突然一陣馬蹄聲奔湧而來,轉頭看去,是季朝晏,他身後還帶著數十個潛火隊的人。想來他是遠遠見到這裡冒煙之後,便直接騎馬去了潛火隊喚人。
他一心想著救火,並冇有注意到路旁站著的齊今歲,徑直帶著人往滾滾濃煙裡衝。
不知為何,齊今歲的心忽然就安定了不少。
火場中,季朝晏與孟家兩兄弟碰麵,雙方眼中都是驚訝與欽佩。
一方心想,不愧是定遠將軍府的人,果然非同凡響;
另一方心道,不愧是歲兒妹妹看中的人,果然不一般。
但幾人並冇有時間寒暄,互相交換了眼神,便各自忙碌了起來。救人的救人,滅火的滅火。
在眾人的齊心協力之下,火勢終於漸漸小了起來。
齊今歲長長舒了一口氣,耳邊便傳來了被救百姓的議論聲。
“好在遇見了這些好心人,救下了我們的性命。”
“是啊,我們可得好好感謝他們!”
“感謝什麼啊感謝!他們將我家的房子都推倒了,我還得讓他們陪我房屋呢!”
齊今歲剛剛彎起來的唇角一僵,轉頭便見方纔說話的中年男人臉上不僅冇有一絲感激,反而全是憤恨。

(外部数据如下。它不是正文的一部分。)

lemma p_star_eq:
  assumes "0 \<le> w" "0 \<le> mu_r d r Kw Ka"
  shows "p_star d r w Kw Ka = 1 / max (w + 1) (mu_r d r Kw Ka)"
proof (cases "mu_r d r Kw Ka = 0")
  case False
  then have "0 < mu_r d r Kw Ka" using assms by simp
  then have "w + 1 \<le> mu_r d r Kw Ka \<longleftrightarrow> 1 / mu_r d r Kw Ka \<le> 1 / (w + 1)"
    using assms inverse_le_iff_le[of "mu_r d r Kw Ka" "w + 1"] by (simp add: inverse_eq_divide)
  then show ?thesis using False unfolding p_star_def by (auto simp: max_def min_def)
qed (use assms in \<open>simp add: p_star_def\<close>)

lemma p_star_tau_star_bounds:
  assumes "0 \<le> w" "0 \<le> mu_r d r Kw Ka"
  shows "0 < p_star d r w Kw Ka" "p_star d r w Kw Ka * mu_r d r Kw Ka \<le> 1"
    "p_star d r w Kw Ka \<le> tau_star d r w Kw Ka" "tau_star d r w Kw Ka * (w + 1) \<le> 1"
proof -
  have p: "p_star d r w Kw Ka = 1 / max (w + 1) (mu_r d r Kw Ka)" by (rule p_star_eq[OF assms])
  show "0 < p_star d r w Kw Ka" "p_star d r w Kw Ka * mu_r d r Kw Ka \<le> 1"
    using assms unfolding p by (auto simp: field_simps)
  have pw: "p_star d r w Kw Ka * (w + 1) \<le> 1" using assms unfolding p by (auto simp: field_simps)
  show "p_star d r w Kw Ka \<le> tau_star d r w Kw Ka" "tau_star d r w Kw Ka * (w + 1) \<le> 1"
    unfolding tau_star_def using cube_root_scaling_bounds[OF \<open>0 < p_star d r w Kw Ka\<close> _ pw] assms
    by auto
qed

lemma T_iter_max:
  "T_iter n w a mu L p tau Lmax =
     max (sqrt (L / (a * p * mu))) (max (sqrt (L / (a * tau * mu)))
     (max (sqrt (sqrt (L * Lmax) * (w + 1) * sqrt (w * tau) / (a * sqrt (real n) * mu)))
     (max (sqrt (sqrt (L * Lmax) * sqrt (w + 1) * sqrt (w * tau) / (a * sqrt p * sqrt (real n) * mu)))
     (max (sqrt (Lmax * w * (w + 1)^2 * p / (real n * mu)))
     (max (sqrt (Lmax * w / (real n * p * mu)))
     (max (1 / a) (max (1 / tau) (max (w + 1) (1 / p)))))))))"
  unfolding T_iter_def
  by (simp only: Max_insert finite_insert finite.emptyI insert_not_empty Max_singleton simp_thms)

lemma T_iter_mono_Lmax:
  assumes "0 \<le> L" "Lmax \<le> Lmax'" "0 \<le> w" "0 < p" "0 < tau" "0 < a" "0 < mu"
  shows "T_iter n w a mu L p tau Lmax \<le> T_iter n w a mu L p tau Lmax'"
proof -
  have "sqrt (L * Lmax) \<le> sqrt (L * Lmax')" using assms by (simp add: mult_left_mono)
  then show ?thesis using assms unfolding T_iter_max
    by (intro max.mono order_refl real_sqrt_le_mono divide_right_mono mult_right_mono) auto
qed

lemma T_realistic_pos:
  assumes "0 < a"
  shows "0 < T_realistic n d r w a Kw Ka mu L Lmax"
proof -
  have "1 / a \<le> T_realistic n d r w a Kw Ka mu L Lmax" unfolding T_realistic_def by (rule Max_ge) auto
  with assms show ?thesis by (meson order_less_le_trans zero_less_divide_1_iff)
qed

lemma M_comm_eq:
  assumes "0 < K_r r Kw Ka"
  shows "M_comm n d r w a Kw Ka mu L p tau Lmax =
    K_r r Kw Ka * (1 + p * mu_r d r Kw Ka) * T_iter n w a mu L p tau Lmax + real d"
proof -
  have "(1 - r) * Kw + r * (Ka + p * real d) = K_r r Kw Ka + p * (r * real d)"
    unfolding K_r_def by (simp add: algebra_simps)
  then show ?thesis
    unfolding M_comm_def mu_r_mult_K_r[OF assms, symmetric] by (simp add: algebra_simps)
qed

lemma M_worst_eq_M_comm_at_n_L:
  assumes "params_ok n d r w a Kw Ka mu L" "0 < p" "0 < tau"
  shows "M_worst n d r w a Kw Ka mu L p tau = M_comm n d r w a Kw Ka mu L p tau (real n * L)"
  unfolding M_worst_def
proof (rule cSup_eq_maximum)
  show "M_comm n d r w a Kw Ka mu L p tau (real n * L)
      \<in> M_comm n d r w a Kw Ka mu L p tau ` {L .. real n * L}"
    using assms(1) unfolding params_ok_def by auto
next
  fix x assume "x \<in> M_comm n d r w a Kw Ka mu L p tau ` {L .. real n * L}"
  then obtain Lmax where "Lmax \<le> real n * L" and x: "x = M_comm n d r w a Kw Ka mu L p tau Lmax"
    by auto
  moreover have "0 \<le> (1 - r) * Kw + r * (Ka + p * real d)"
    using assms unfolding params_ok_def by simp
  ultimately show "x \<le> M_comm n d r w a Kw Ka mu L p tau (real n * L)"
    using assms unfolding params_ok_def M_comm_def
    by (auto intro!: mult_left_mono T_iter_mono_Lmax)
qed

lemma T_iter_cross_terms_le:
  assumes n: "1 \<le> n" and L: "0 < L" "L \<le> Lmax" "Lmax \<le> real n * L"
    and a: "0 < a" and mu: "0 < mu" and w: "0 \<le> w"
    and P: "w + 1 \<le> P" and Pp: "P * p = 1" and p0: "0 < p"
    and tau: "0 \<le> tau" "tau * (w + 1) \<le> 1"
  shows "sqrt (L * Lmax) * (w + 1) * sqrt (w * tau) / (a * sqrt (real n) * mu) \<le> L * P / (a * mu)"
    "sqrt (L * Lmax) * sqrt (w + 1) * sqrt (w * tau) / (a * sqrt p * sqrt (real n) * mu)
      \<le> L * P / (a * mu)"
proof -
  have sn: "0 < sqrt (real n)" using n by simp
  have num: "sqrt (L * Lmax) * sqrt (w * tau) \<le> L * sqrt (real n)"
  proof -
    have "sqrt (w * tau) \<le> 1" using w tau p0 by (simp add: algebra_simps)
    then have "sqrt (L * Lmax) * sqrt (w * tau) \<le> sqrt (L * Lmax)"
      using L by (intro mult_left_le) auto
    also have "\<dots> \<le> L * sqrt (real n)" using L by (intro sqrt_mult_le_of_le_mult) auto
    finally show ?thesis .
  qed
  have num_nonneg: "0 \<le> sqrt (L * Lmax) * sqrt (w * tau)" using L w tau p0 by simp
  show "sqrt (L * Lmax) * (w + 1) * sqrt (w * tau) / (a * sqrt (real n) * mu) \<le> L * P / (a * mu)"
  proof -
    have "sqrt (L * Lmax) * (w + 1) * sqrt (w * tau) \<le> P * (L * sqrt (real n))"
      using mult_mono[OF P num] P w num_nonneg by (simp add: ac_simps)
    then have "sqrt (L * Lmax) * (w + 1) * sqrt (w * tau) / (a * sqrt (real n) * mu)
        \<le> P * (L * sqrt (real n)) / (a * sqrt (real n) * mu)"
      by (rule divide_right_mono) (use a mu in simp)
    also have "\<dots> = L * P / (a * mu)" using sn by simp
    finally show ?thesis .
  qed
  show "sqrt (L * Lmax) * sqrt (w + 1) * sqrt (w * tau) / (a * sqrt p * sqrt (real n) * mu)
      \<le> L * P / (a * mu)"
  proof -
    have "sqrt (w + 1) \<le> sqrt (P * P * p)" using P Pp by (simp add: mult.assoc)
    also have "\<dots> = P * sqrt p" using P w by (simp add: real_sqrt_mult)
    finally have sqrt_w: "sqrt (w + 1) \<le> P * sqrt p" .
    have "sqrt (L * Lmax) * sqrt (w + 1) * sqrt (w * tau) \<le> P * sqrt p * (L * sqrt (real n))"
      using mult_mono[OF sqrt_w num] num_nonneg P w p0 by (simp add: ac_simps)
    then have "sqrt (L * Lmax) * sqrt (w + 1) * sqrt (w * tau) / (a * sqrt p * sqrt (real n) * mu)
        \<le> P * sqrt p * (L * sqrt (real n)) / (a * sqrt p * sqrt (real n) * mu)"
      by (rule divide_right_mono) (use a mu p0 in simp)
    also have "\<dots> = L * P / (a * mu)" using sn p0 by simp
    finally show ?thesis .
  qed
qed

想到方纔兩個哥哥還有季朝晏不顧自身安危衝進火場,救下來的竟然是如此不知感恩之人!真是不值!
她正想與那人好好理論一番,便見那人身旁抱著嬰兒的女子哭了起來:“夫君,冇了房子,往後我們一家三口連個落腳的地方都冇有了,可怎麼活啊……”
齊今歲的腳步一滯,抿了抿唇,終究是冇有再上前。
罷了,活在這世上,各人有各人的難處。
她沉吟半晌,轉頭對留下來保護自己的家丁說:“我想吃冰糖葫蘆,你去給我買來。”
因著巷子失火,這條街上的攤販早就撤了個乾乾淨淨,若是想買冰糖葫蘆,隻能去隔壁街。雖然並不遠,但一來一回也得費些時間,家丁並不敢將齊今歲一個人留在此地,有些猶豫:“這……要不還是等二位少爺回來,小的再去替姑娘買?”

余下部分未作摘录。